In the absence of systematic drug-pricing reform in the United States, insurers frequently turn to utilization-management strategies to contain their rising prescription-drug expenditures. In response, state and federal policymakers have renewed their interest in legislative and regulatory actions targeting one of these strategies: step therapy. The debate regarding appropriate uses of step therapy reflects a tension between two important policy goals: safeguarding patients’ access to high-quality care and constraining spending on prescription drugs, including by limiting the overuse of costly medications with uncertain efficacy.

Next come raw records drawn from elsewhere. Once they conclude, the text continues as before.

theorem corollary1:
  fixes M :: "'a measure"
    and N k :: nat and pt sigma2 \<theta> :: real and \<alpha> \<alpha>h :: complex
    and s z :: "nat \<Rightarrow> 'a \<Rightarrow> complex"
  assumes N2: "N \<ge> 2"
    and pt: "pt > 0"
    and sig: "sigma2 > 0"
    and k: "k \<in> {1..N}"
    and alpha: "\<alpha> \<noteq> 0"
    and alphah: "\<alpha>h \<noteq> 0"
    and M: "prob_space M"
    and s_meas: "\<forall>i\<in>{1..N}. s i \<in> borel_measurable M"
    and z_meas: "\<forall>i\<in>{1..N}. z i \<in> borel_measurable M"
    and s_cov: "\<forall>i\<in>{1..N}. \<forall>j\<in>{1..N}.
                  integrable M (\<lambda>\<omega>. s i \<omega> * cnj (s j \<omega>)) \<and>
                  integral\<^sup>L M (\<lambda>\<omega>. s i \<omega> * cnj (s j \<omega>)) = (if i = j then 1 else 0)"
    and z_mean: "\<forall>i\<in>{1..N}. integrable M (z i) \<and> integral\<^sup>L M (z i) = 0"
    and z_cov: "\<forall>i\<in>{1..N}. \<forall>j\<in>{1..N}.
                  integrable M (\<lambda>\<omega>. z i \<omega> * cnj (z j \<omega>)) \<and>
                  integral\<^sup>L M (\<lambda>\<omega>. z i \<omega> * cnj (z j \<omega>))
                    = (if i = j then complex_of_real sigma2 else 0)"
    and indep: "prob_space.indep_var M
                  (Pi\<^sub>M {1..N} (\<lambda>_. borel)) (\<lambda>\<omega>. restrict (\<lambda>i. s i \<omega>) {1..N})
                  (Pi\<^sub>M {1..N} (\<lambda>_. borel)) (\<lambda>\<omega>. restrict (\<lambda>i. z i \<omega>) {1..N})"
  shows "(\<exists>\<phi>\<in>{-pi..<pi}. \<forall>\<psi>\<in>{-pi..<pi}.
             SINR M N pt k (\<lambda>n. \<alpha> * arr \<theta> n) s z (\<lambda>n. \<alpha>h * arr \<psi> n)
             \<le> SINR M N pt k (\<lambda>n. \<alpha> * arr \<theta> n) s z (\<lambda>n. \<alpha>h * arr \<phi> n))
       \<and> (\<forall>\<phi>\<in>{-pi..<pi}.
             (\<forall>\<psi>\<in>{-pi..<pi}.
                SINR M N pt k (\<lambda>n. \<alpha> * arr \<theta> n) s z (\<lambda>n. \<alpha>h * arr \<psi> n)
                \<le> SINR M N pt k (\<lambda>n. \<alpha> * arr \<theta> n) s z (\<lambda>n. \<alpha>h * arr \<phi> n))
             \<longrightarrow> (\<forall>n\<in>{1..N}. arr \<phi> n = arr \<theta> n))"
proof -
  interpret signal_noise_model M N sigma2 s z
    using M s_meas z_meas s_cov z_mean z_cov indep
    by (simp add: signal_noise_model_def signal_noise_model_axioms_def)
  define B where "B = pt / real N * (cmod \<alpha> / cmod \<alpha>h)\<^sup>2"
  define C where "C = sigma2 * real N / (cmod \<alpha>h)\<^sup>2"
  define G where "G \<phi> = (cmod (steering_corr N \<phi> \<theta>))\<^sup>2" for \<phi>
  have N: "N > 0" and B: "B > 0" and C: "C > 0"
    using N2 pt sig alpha alphah by (simp_all add: B_def C_def)
  have SINR: "SINR M N pt k (\<lambda>n. \<alpha> * arr \<theta> n) s z (\<lambda>n. \<alpha>h * arr \<phi> n)
      = B * G \<phi> / (B * ((real N)\<^sup>2 - G \<phi>) + C)" for \<phi>
    unfolding B_def C_def G_def using pt by (intro SINR_line_of_sight N k alphah) simp
  have G_le: "G \<phi> \<le> (real N)\<^sup>2" for \<phi>
    unfolding G_def by (simp add: cmod_steering_corr_le power_mono)
  define \<phi>\<^sub>0 where "\<phi>\<^sub>0 = arcsin (sin \<theta>)"
  have \<phi>\<^sub>0: "\<phi>\<^sub>0 \<in> {-pi..<pi}" "G \<phi>\<^sub>0 = (real N)\<^sup>2"
    unfolding \<phi>\<^sub>0_def G_def by (rule arcsin_sin_in_period) (simp add: steering_corr_arcsin_sin)
  have optimal: "B * G \<psi> / (B * ((real N)\<^sup>2 - G \<psi>) + C) \<le> B * G \<phi>\<^sub>0 / (B * ((real N)\<^sup>2 - G \<phi>\<^sub>0) + C)"
    for \<psi>
    using gain_fraction_max(1)[OF B C G_le] \<phi>\<^sub>0(2) by simp
  have "arr \<phi> n = arr \<theta> n"
    if "B * G \<phi>\<^sub>0 / (B * ((real N)\<^sup>2 - G \<phi>\<^sub>0) + C) \<le> B * G \<phi> / (B * ((real N)\<^sup>2 - G \<phi>) + C)"
      and "n \<in> {1..N}" for \<phi> n
  proof -
    have "(real N)\<^sup>2 \<le> G \<phi>"
      using gain_fraction_max(2)[OF B C G_le] that(1) by (simp add: \<phi>\<^sub>0(2))
    then have "real N \<le> cmod (steering_corr N \<phi> \<theta>)"
      unfolding G_def by (rule power2_le_imp_le) simp
    then show ?thesis
      using that(2) by (rule arr_eq_if_steering_corr_ge)
  qed
  then show ?thesis
    unfolding SINR using \<phi>\<^sub>0(1) optimal by blast
qed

In part because policymakers have failed to address the problem of high drug prices, controlling spending often falls to insurers, who have a business interest in keeping expenditures down.
Step therapy is a utilization-management strategy whereby insurers implement tiered treatment pathways for various conditions. Patients (and their physicians) who seek approval for restricted therapies must document unsuccessful attempts at treatment with less expensive therapies in earlier “steps.” Most employer-sponsored insurance plans incorporate requirements for step therapy into their drug formularies.1,2
By design, such utilization-management strategies create administrative burdens aimed at steering patients and physicians to an insurer’s preferred treatments. Learning the rules of step therapy and complying with documentation requirements involve time and effort. Step therapy controls costs by requiring patients to try cheaper treatments before more expensive ones. Evidence suggests that such protocols reduce spending for targeted therapies, although the implications for total costs of care are uncertain. Step therapy may also promote improved quality of care when it’s used to steer patients to evidence-based care, which it can do when the steps are modeled on consensus treatment guidelines. As the approach is currently used, however, its contribution to improved quality appears to be limited: a recent study examining commercial insurers’ use of step therapy for specialty drugs found that only about one third of protocols aligned with clinical guidelines.2
Administrative burdens may be warranted when they discourage the use of treatments with low efficacy. Quality and affordability are priorities shared by patients, policymakers, and payers. But administrative burdens generate their own costly bureaucratic systems and can be difficult for patients to navigate; the burdens introduced by step therapy may hinder access to necessary care. For example, patients may need to obtain medical records from a previous provider and deliver them to their current physician, or they may receive a claim denial or bill that requires them to work with their insurer and the prescriber to identify and correct errors.
Recent legislative and regulatory developments at the federal and state levels illustrate these dynamics. According to one analysis, 29 states have passed laws requiring insurers to include various exceptions in step-therapy protocols.3 Components of these laws range from procedural efforts to establish appeals processes to substantive limitations on using step therapy in cases in which a patient has already undergone an unsuccessful attempt at treatment with a required drug or the required drug is contraindicated.3 These laws cover only a small fraction of patients in any particular state. Preemption under the federal Employee Retirement Income Security Act of 1974 (ERISA) limits states’ ability to regulate self-insured employer plans, including their imposition of these kinds of requirements. Similarly, state legislation doesn’t apply to patients enrolled in Medicare or other federal insurance programs.
To respond to these issues, a bipartisan group of members of both houses of Congress developed the Safe Step Act (first introduced in 2019 and reintroduced in 2021),4 which would amend ERISA to require self-insured employer plans to allow exemptions from step-therapy protocols for several reasons. The act would require the creation of a “clear and transparent process” for beneficiaries to request exemptions, and it outlines the procedure that clinicians or patients must follow and how quickly insurers would need to approve or deny requests.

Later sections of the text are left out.